Dabei steige der Bedarf kontinuierlich: 2014 hätten sie 37 Beratungen durchgeführt, 2018 seien es schon 195 gewesen. Der Grund für die Zunahme: Zum einen wuchs in den vergangenen Jahren die Zahl derjenigen, die ihren Personenstand gerichtlich änderten, von Frau zu Mann und umgekehrt. Andere Statistiken zeigen, dass international immer mehr Menschen gegengeschlechtliche Hormone verschrieben bekommen beziehungsweise geschlechtsangleichende Operationen wünschten.

Zum anderen, sagt Mittelstädt, habe es einige Neuerungen gegeben: Neben der Möglichkeit eines dritten Geschlechtseintrags „divers“ im Personenstandsregister wurden die medizinischen Richtlinien überarbeitet. Trans*-Menschen müssen nicht mehr im sogenannten „Alltagstest“ ihr Trans*sein nachweisen. Und es gibt keine Mindestdauer von einem Jahr mehr, in der sich Betroffene psychotherapeutisch behandeln lassen müssen.

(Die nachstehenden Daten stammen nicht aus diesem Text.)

lemma ac_with_deriv_mult:
  fixes F g H k :: "real \<Rightarrow> real"
  assumes F: "ac_with_deriv a b F g" and H: "ac_with_deriv a b H k"
  shows "ac_with_deriv a b (\<lambda>x. F x * H x) (\<lambda>x. g x * H x + F x * k x)"
proof -
  note g = ac_with_deriv_set_integrable[OF F] and k = ac_with_deriv_set_integrable[OF H]
  have gH: "set_integrable lborel {a..b} (\<lambda>t. g t * H t)"
    by (rule set_integrable_mult_continuous_on[OF g ac_with_deriv_continuous_on[OF H]])
  have Fk: "set_integrable lborel {a..b} (\<lambda>t. F t * k t)"
    using set_integrable_mult_continuous_on[OF k ac_with_deriv_continuous_on[OF F]]
    by (simp add: mult.commute)
  have "F x * H x = F a * H a + (LINT t:{a..x}|lborel. g t * H t + F t * k t)" if x: "x \<in> {a..b}" for x
  proof -
    have int: "f integrable_on {a..x}" if "set_integrable lborel {a..b} f" for f :: "real \<Rightarrow> real"
      by (rule set_borel_integral_eq_integral(1)[OF set_integrable_subinterval[OF that]]) (use x in auto)
    have "(LINT t:{a..x}|lborel. g t * H t + F t * k t)
        = integral {a..x} (\<lambda>t. g t * H t) + integral {a..x} (\<lambda>t. F t * k t)"
      using set_borel_integral_eq_integral(2)[OF set_integrable_subinterval[OF set_integral_add(1)[OF gH Fk]]]
        integral_add[OF int[OF gH] int[OF Fk]] x
      by simp
    moreover have "integral {a..x} (\<lambda>t. g t * (H t - H a))
        = integral {a..x} (\<lambda>t. g t * H t) - integral {a..x} g * H a"
      using integral_diff[OF int[OF gH] integrable_on_mult_left[OF int[OF g], of "H a"]]
      by (simp add: algebra_simps)
    moreover have "integral {a..x} (\<lambda>s. k s * (F x - F s))
        = integral {a..x} k * F x - integral {a..x} (\<lambda>t. F t * k t)"
      using integral_diff[OF integrable_on_mult_left[OF int[OF k], of "F x"] int[OF Fk]]
      by (simp add: algebra_simps)
    moreover have "integral {a..x} g = F x - F a" "integral {a..x} k = H x - H a"
      using x by (auto intro: ac_with_deriv_integral[OF F] ac_with_deriv_integral[OF H])
    ultimately show ?thesis
      using ac_with_deriv_integral_swap[OF F H] x by (simp add: algebra_simps)
  qed
  with set_integral_add(1)[OF gH Fk] show ?thesis
    unfolding ac_with_deriv_def by blast
qed

lemma ac_with_deriv_bounded_linear:
  fixes f g :: "real \<Rightarrow> 'a::euclidean_space" and T :: "'a \<Rightarrow> 'b::euclidean_space"
  assumes T: "bounded_linear T" and ac: "ac_with_deriv a b f g"
  shows "ac_with_deriv a b (\<lambda>x. T (f x)) (\<lambda>x. T (g x))"
proof -
  have T_indicator: "T (indicator S x *\<^sub>R y) = indicator S x *\<^sub>R T y" for S x y
    using linear_scale[OF bounded_linear.linear[OF T]] by simp
  have set_integrable_T: "set_integrable lborel S (\<lambda>x. T (g x))" if "set_integrable lborel S g" for S
    using integrable_bounded_linear[OF T that[unfolded set_integrable_def]]
    unfolding set_integrable_def T_indicator .
  have "T (f x) = T (f a) + (LINT t:{a..x}|lborel. T (g t))" if x: "x \<in> {a..b}" for x
  proof -
    have "set_integrable lborel {a..x} g"
      by (rule set_integrable_subinterval[OF ac_with_deriv_set_integrable[OF ac]]) (use x in auto)
    then have "(LINT t:{a..x}|lborel. T (g t)) = T (LINT t:{a..x}|lborel. g t)"
      using integral_bounded_linear[OF T, of lborel "\<lambda>t. indicator {a..x} t *\<^sub>R g t"]
      unfolding set_lebesgue_integral_def set_integrable_def T_indicator by simp
    then show ?thesis
      using ac_with_deriv_eq[OF ac x] linear_add[OF bounded_linear.linear[OF T]] by simp
  qed
  with set_integrable_T[OF ac_with_deriv_set_integrable[OF ac]] show ?thesis
    unfolding ac_with_deriv_def by blast
qed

Für die queerpolitische Sprecherin der Linken, Maja Tegeler, sind die Vorhaben ein guter Anfang. Wichtig sei ihr aber noch eine Verbesserung der Gesundheitsversorgung von Trans*-Menschen in Bremen. So gibt es anders als in Hamburg oder Hannover keine Endokrinolog*innen, die qualifiziert sind, gegengeschlechtliche Hormone zu verschreiben.